The assembled personages rose to their feet; and matters at Sutton Courtenay were seemingly now at an end.

But not so; not quite.

It was Morse, at last, who made his brief though extraordinarily significant contribution to the afternoon’s developments.

“Sir, I think you ought to have a look at him.”

“I don’t like dead bodies any more than you do, Morse.”

“I know that, but...”

“But what?”

“... but you ought to have a look at him.” Morse spoke his words slowly and quietly. “You see, I think it’s quite possible that you’ll recognize him.”
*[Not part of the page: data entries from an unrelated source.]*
(* Let $C=\mathtt{while}(\varphi)\{C_{\mathrm{body}}\}[I]$ be a (possibly nested) $\mathsf{pGCL}$ loop and let $f\in\mathbb{E}$. If $\mathrm{vc}^{\mathsf{dPASTSUBINV},\mathrm{awp}}[\![C]\!](f)$ holds, then $\mathrm{awp}[\![C]\!](f)\ge I$.
   Context: States: fix a countably infinite set of program variables with values in $\mathbb{Q}_{\ge 0}$; a state is a map $\sigma$ from variables to $\mathbb{Q}_{\ge0}$ which is $0$ for all but finitely many variables; $\mathsf{States}$ is the set of states. A predicate is a map $\varphi:\mathsf{States}\to\{\mathsf{true},\mathsf{false}\}$. Expectations: $\mathbb{E}$ is the set of maps $\mathsf{States}\to[0,\infty]$, ordered pointwise ($\le,\ge$); $+,\cdot$ pointwise with $0\cdot\infty=0$; $\sqcap,\sqcup$ pointwise min/max; $[\varphi]$ Iverson bracket; $(\varphi\to g)(\sigma)=g(\sigma)$ if $\sigma\models\varphi$, else $\infty$; $f[x/E](\sigma)=f(\sigma[x\mapsto E(\sigma)])$. Programs of $\mathsf{pGCL}$: $C ::= \mathtt{skip} \mid x:=E \mid C;C \mid \mathtt{if}\ \varphi_1\to C\ \square\ \varphi_2\to C \mid \{C\}[p]\{C\} \mid \mathtt{while}(\varphi)\{C\}[I]$, where $E:\mathsf{States}\to\mathbb{Q}_{\ge0}$, $p:\mathsf{States}\to[0,1]$, in every guarded choice $\varphi_1\vee\varphi_2$ is valid (when both hold the choice is nondeterministic), and every loop carries an invariant annotation $I\in\mathbb{E}$. Weakest preexpectations for $\mathcal{T}\in\{\mathrm{dwp},\mathrm{awp}\}$: $\mathcal{T}[\![\mathtt{skip}]\!](f)=f$; $\mathcal{T}[\![x:=E]\!](f)=f[x/E]$; $\mathcal{T}[\![C_1;C_2]\!](f)=\mathcal{T}[\![C_1]\!](\mathcal{T}[\![C_2]\!](f))$; $\mathrm{dwp}$ of a guarded choice: $(\varphi_1\to\mathrm{dwp}[\![C_1]\!](f))\sqcap(\varphi_2\to\mathrm{dwp}[\![C_2]\!](f))$; $\mathrm{awp}$ of a guarded choice: $[\varphi_1]\cdot\mathrm{awp}[\![C_1]\!](f)\sqcup[\varphi_2]\cdot\mathrm{awp}[\![C_2]\!](f)$; $\mathcal{T}[\![\{C_1\}[p]\{C_2\}]\!](f)=p\cdot\mathcal{T}[\![C_1]\!](f)+(1-p)\cdot\mathcal{T}[\![C_2]\!](f)$; loops: least fixpoint of $g\mapsto[\neg\varphi]\cdot f+[\varphi]\cdot\mathcal{T}[\![C']\!](g)$. $\mathrm{awp}^*$ follows the $\mathrm{awp}$ rules except $\mathrm{awp}^*[\![\mathtt{while}(\varphi)\{C'\}[I]]\!](f)=I$. A loop is dPAST (positively demonically almost-surely terminating) if its expected runtime (in the sense of the expected-runtime calculus of Kaminski et al., resolving nondeterminism in the worst case) is finite for all initial states. A loop $\mathtt{while}(\varphi)\{C_{\mathrm{body}}\}[I]$ is suitable for optional stopping w.r.t. $f$ if (i) $I=[\varphi]\cdot I'+[\neg\varphi]\cdot f$ for some $I'\in\mathbb{E}$, (ii) $f$, $I$ and $[\varphi]\cdot\mathrm{awp}[\![C_{\mathrm{body}}]\!](I)+[\neg\varphi]\cdot f$ are pointwise $<\infty$, and (iii) there is $b\in\mathbb{R}_{\ge0}$ with $([\varphi]\cdot\mathrm{awp}[\![C_{\mathrm{body}}]\!](\lambda\tau.|I(\tau)-I(\sigma)|))(\sigma)\le b$ for all $\sigma$. The provider $\mathsf{dPASTSUBINV}$ assigns to a loop $L=\mathtt{while}(\varphi)\{C_{\mathrm{body}}\}[I]$ and $g\in\mathbb{E}$ the value $\mathsf{true}$ iff $[\varphi]\cdot\mathrm{awp}^*[\![C_{\mathrm{body}}]\!](I)+[\neg\varphi]\cdot g\ge I$, $L$ is dPAST, and $L$ is suitable for optional stopping w.r.t. $g$. For a provider $\mathfrak{C}$ (a map from annotated loops and expectations to truth values), $\mathrm{vc}^{\mathfrak{C},\mathrm{awp}}[\![C]\!](f)$ is defined inductively: $\mathsf{true}$ for $\mathtt{skip}$ and assignments; $\mathrm{vc}[\![C_1]\!](\mathrm{awp}^*[\![C_2]\!](f))\wedge\mathrm{vc}[\![C_2]\!](f)$ for $C_1;C_2$; $\mathrm{vc}[\![C_1]\!](f)\wedge\mathrm{vc}[\![C_2]\!](f)$ for guarded and probabilistic choices; $\mathfrak{C}(\mathtt{while}(\varphi)\{C'\}[I],f)\wedge\mathrm{vc}[\![C']\!](I)$ for loops. *)

theory Defs
  imports Main "HOL-Library.Extended_Nonnegative_Real"
begin

typedef state = "{\<sigma> :: nat \<Rightarrow> rat. (\<forall>x. \<sigma> x \<ge> 0) \<and> finite {x. \<sigma> x \<noteq> 0}}"
  by (rule exI[of _ "\<lambda>_. 0"]) simp

definition upd :: "state \<Rightarrow> nat \<Rightarrow> rat \<Rightarrow> state" where
  "upd \<sigma> x v = Abs_state ((Rep_state \<sigma>)(x := v))"

type_synonym pred = "state \<Rightarrow> bool"
type_synonym expect = "state \<Rightarrow> ennreal"

definition iv :: "pred \<Rightarrow> expect" where
  "iv \<phi> = (\<lambda>\<sigma>. if \<phi> \<sigma> then 1 else 0)"

definition guard_to :: "pred \<Rightarrow> expect \<Rightarrow> expect" where
  "guard_to \<phi> g = (\<lambda>\<sigma>. if \<phi> \<sigma> then g \<sigma> else \<infinity>)"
Frequently afterward, in the post-Morse years, would Sergeant Lewis recall that afternoon at the fill-in site in Oxfordshire: when Chief Superintendent Strange had looked at the bloodless face of a murdered man; and when his erstwhile ruddy cheeks had paled to chalky white.

“Bloody ‘ell! I knew him, Morse. I interviewed him twice in the Harrison murder inquiry.”

When the top brass had finally dispersed, Eddie Andrews let himself back into the now deserted office, turned on the TV, found Sport (Cricket) on Ceefax and noted with quiet satisfaction that Northamptonshire were really doing rather well that day.